= John McLeod (card game researcher) =

British mathematician, author, historian and card game researcher

John McLeod (born 28 November 1949) is a British mathematician, author, historian and card game researcher who is particularly well known for his work on tarot games as well as his reference website pagat.com which contains the rules for over 500 card games worldwide. He is described as a "prominent member" of the International Playing Card Society and is Secretary of the British Skat Association.

== Life ==
John McLeod was born in 1949. He attended King's College School, Wimbledon, and then studied mathematics at Trinity College, Cambridge before entering industry. During his time at Cambridge, he came across a pack of tarot cards and "as I opened the box, I was immediately fascinated by the cards. They looked totally different from anything I had seen before". He was then a research student in the mathematics department of the university and spent many evenings playing the Austrian tarock game of Königrufen with his students.

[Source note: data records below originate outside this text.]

(* Let $c$ be continuous and bounded on $[0,\infty)\times\mathbb{R}$ and let $v_0$ be continuous on $\mathbb{R}$ and vanishing at infinity. Fix $t>0$ and an integer $n\ge1$, and let $v_n^{(t)}$ be the function on $[0,t]\times\mathbb{R}$ constructed as follows. Set $\tau_k=\frac{kt}{2n}$, $k=0,\dots,2n$, and $v_n^{(t)}(0,\cdot)=v_0$; for $k=0,\dots,n-1$, define inductively $$v_n^{(t)}(\tau,x)=\big(U_{2(\tau-\tau_{2k})}v_n^{(t)}(\tau_{2k},\cdot)\big)(x)\quad\text{for }\tau\in[\tau_{2k},\tau_{2k+1}],$$ $$v_n^{(t)}(\tau,x)=e^{-2c(\tau_{2k+2},x)(\tau-\tau_{2k+1})}\,v_n^{(t)}(\tau_{2k+1},x)\quad\text{for }\tau\in[\tau_{2k+1},\tau_{2k+2}],$$ where $U_0$ is the identity and, for $s>0$, $$(U_sf)(x)=\int_{\mathbb{R}}\frac{1}{\sqrt{2\pi\,\mathrm{sh}(2s)}}\exp\Big(-\frac12\Big((x^2+z^2)\frac{\mathrm{ch}(2s)}{\mathrm{sh}(2s)}-\frac{2xz}{\mathrm{sh}(2s)}\Big)\Big)f(z)\,dz.$$ Then for all real $x$, with the convention $\sigma_0=0$, $$\begin{aligned}v_n^{(t)}(t,x)=\int_{\mathbb{R}^n}&(2\pi\,\mathrm{sh}(2t/n))^{-n/2}\,v_0\Big(\sigma_n+\frac{x}{\mathrm{ch}(2t/n)^n}\Big)\exp\Big(-\frac12\frac{\mathrm{ch}(2t/n)}{\mathrm{sh}(2t/n)}\sum_{j=1}^n\Big(\sigma_{n-j+1}-\frac{\sigma_{n-j}}{\mathrm{ch}(2t/n)}\Big)^2\Big)\\&\exp\Big(-\frac12\frac{\mathrm{sh}(2t/n)}{\mathrm{ch}(2t/n)}\sum_{j=1}^n\Big(\sigma_{n-j}+\frac{x}{\mathrm{ch}(2t/n)^{n-j}}\Big)^2\Big)\exp\Big(-\frac tn\sum_{j=1}^n c\Big(\frac{jt}{n},\sigma_{n-j}+\frac{x}{\mathrm{ch}(2t/n)^{n-j}}\Big)\Big)\,d\sigma_1\cdots d\sigma_n.\end{aligned}$$
   Context: $\mathrm{ch}$ and $\mathrm{sh}$ denote the hyperbolic cosine and sine. The operators $U_s$ (Mehler's formula) form the heat semigroup of the harmonic oscillator $-\partial_x^2+x^2$. *)

theory Defs
  imports "HOL-Analysis.Analysis"
begin

definition mehler_kernel :: "real \<Rightarrow> real \<Rightarrow> real \<Rightarrow> real" where
  "mehler_kernel s x z =
     1 / sqrt (2 * pi * sinh (2 * s)) *
     exp (- (1/2) * ((x\<^sup>2 + z\<^sup>2) * cosh (2 * s) / sinh (2 * s) - 2 * x * z / sinh (2 * s)))"

definition U :: "real \<Rightarrow> (real \<Rightarrow> real) \<Rightarrow> real \<Rightarrow> real" where
  "U s f x = (if s = 0 then f x else (LINT z|lborel. mehler_kernel s x z * f z))"

definition tau :: "real \<Rightarrow> nat \<Rightarrow> nat \<Rightarrow> real" where
  "tau t n k = real k * t / (2 * real n)"

text \<open>Value of v_n^(t) at time tau_{2k}.\<close>
primrec vgrid :: "(real \<Rightarrow> real) \<Rightarrow> (real \<Rightarrow> real \<Rightarrow> real) \<Rightarrow> real \<Rightarrow> nat \<Rightarrow> nat \<Rightarrow> real \<Rightarrow> real" where
  "vgrid v0 c t n 0 = v0"
| "vgrid v0 c t n (Suc k) = (\<lambda>x.
     exp (- 2 * c (tau t n (2*k+2)) x * (tau t n (2*k+2) - tau t n (2*k+1))) *
     U (2 * (tau t n (2*k+1) - tau t n (2*k))) (vgrid v0 c t n k) x)"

Later McLeod toured Europe to study the individual variants of tarock games and captured his findings in the monumental 2-volume work A History of Games Played with the Tarot Pack which he co-authored with Professor Sir Michael Dummett, the "leading authority on the history of the Tarot". According to McLeod, Tarock belongs to one of the largest and perhaps most interesting families of card games in the world.

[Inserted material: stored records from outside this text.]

lemma sum_increments_le_bound:
  fixes f :: "nat \<Rightarrow> real"
  assumes "mono f" "\<And>s. f s \<le> M" "\<forall>i. Suc i < l \<longrightarrow> ss i \<le> ns (Suc i)"
  shows "(\<Sum>i<l. f (ss i) - f (ns i)) \<le> M - f 0"
proof (cases l)
  case 0
  then show ?thesis using assms(2)[of 0] by simp
next
  case (Suc j)
  then have "(\<Sum>i<l. f (ss i) - f (ns i)) \<le> f (ss j) - f (ns 0)"
    using sum_increments_le_telescope[OF assms(1), of j ss ns] assms(3)
    by (simp add: lessThan_Suc_atMost)
  also have "\<dots> \<le> M - f 0"
    using assms(2)[of "ss j"] monoD[OF assms(1), of 0 "ns 0"] by simp
  finally show ?thesis .
qed

lemma real_le_mult_power_if_sum_le:
  fixes D :: "nat \<Rightarrow> real"
  assumes "\<And>i. i < l \<Longrightarrow> 1 / 2 ^ t < D i" "(\<Sum>i<l. D i) \<le> C"
  shows "real l \<le> C * 2 ^ t"
proof -
  have "real l / 2 ^ t = (\<Sum>i<l. 1 / 2 ^ t)" by simp
  also have "\<dots> \<le> (\<Sum>i<l. D i)"
    by (rule sum_mono) (use assms(1) in \<open>auto intro: less_imp_le\<close>)
  also have "\<dots> \<le> C" by (rule assms(2))
  finally show ?thesis by (simp add: field_simps)
qed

In 2005/06 McLeod and fellow researcher, Sally Prime, travelled to Vienna to participate in the international Tarock Cup where McLeod came 35th out of 100 participants.

== pagat.com ==
McLeod created the website www.pagat.com in 1995. It has been described by card game historian, David Parlett as the "most important" card game website, its "intrinsic authority [being] constantly enhanced by the contributions of interested and knowledgeable players from all over the world". The website describes the rules of over 500 contemporary card games world wide. It also categorises games by mechanism, objective and equipment used. The website is in English and German.

== Works ==
=== Books ===
McLeod's magnum opus is the two-volume set on the history of tarot card games which he co-authored with Michael Dummett. Volume One deals with games in which the Fool is used to excuse the player from following suit or playing a trump to a trick; Volume Two deals with games played in Central Europe from the late 18th century onward, in which the Fool is used as the highest trump.
- A History of Games Played with the Tarot Pack: The Game of Triumphs, Vol. 1 (2004), Lewiston, PA: Edwin Mellen, pp. 1-402. Co-authored with Sir Michael Dummett. ISBN 978-0-7734-6447-6.
- History of Games Played with the Tarot Pack: The Game of Triumphs, Vol. 2 (2004), Lewistown, PA: Edwin Mellen, pp. 403-910. Co-authored with Sir Michael Dummett. ISBN 978-0-7734-6449-0.
- A History of Games Played with the Tarot Pack: The Game of Triumphs, Supplement (2009), Maproom, Oxford.
- "Mechanics of Card Games" (2009). www.pagat.com. Co-authored with Nick Wedd.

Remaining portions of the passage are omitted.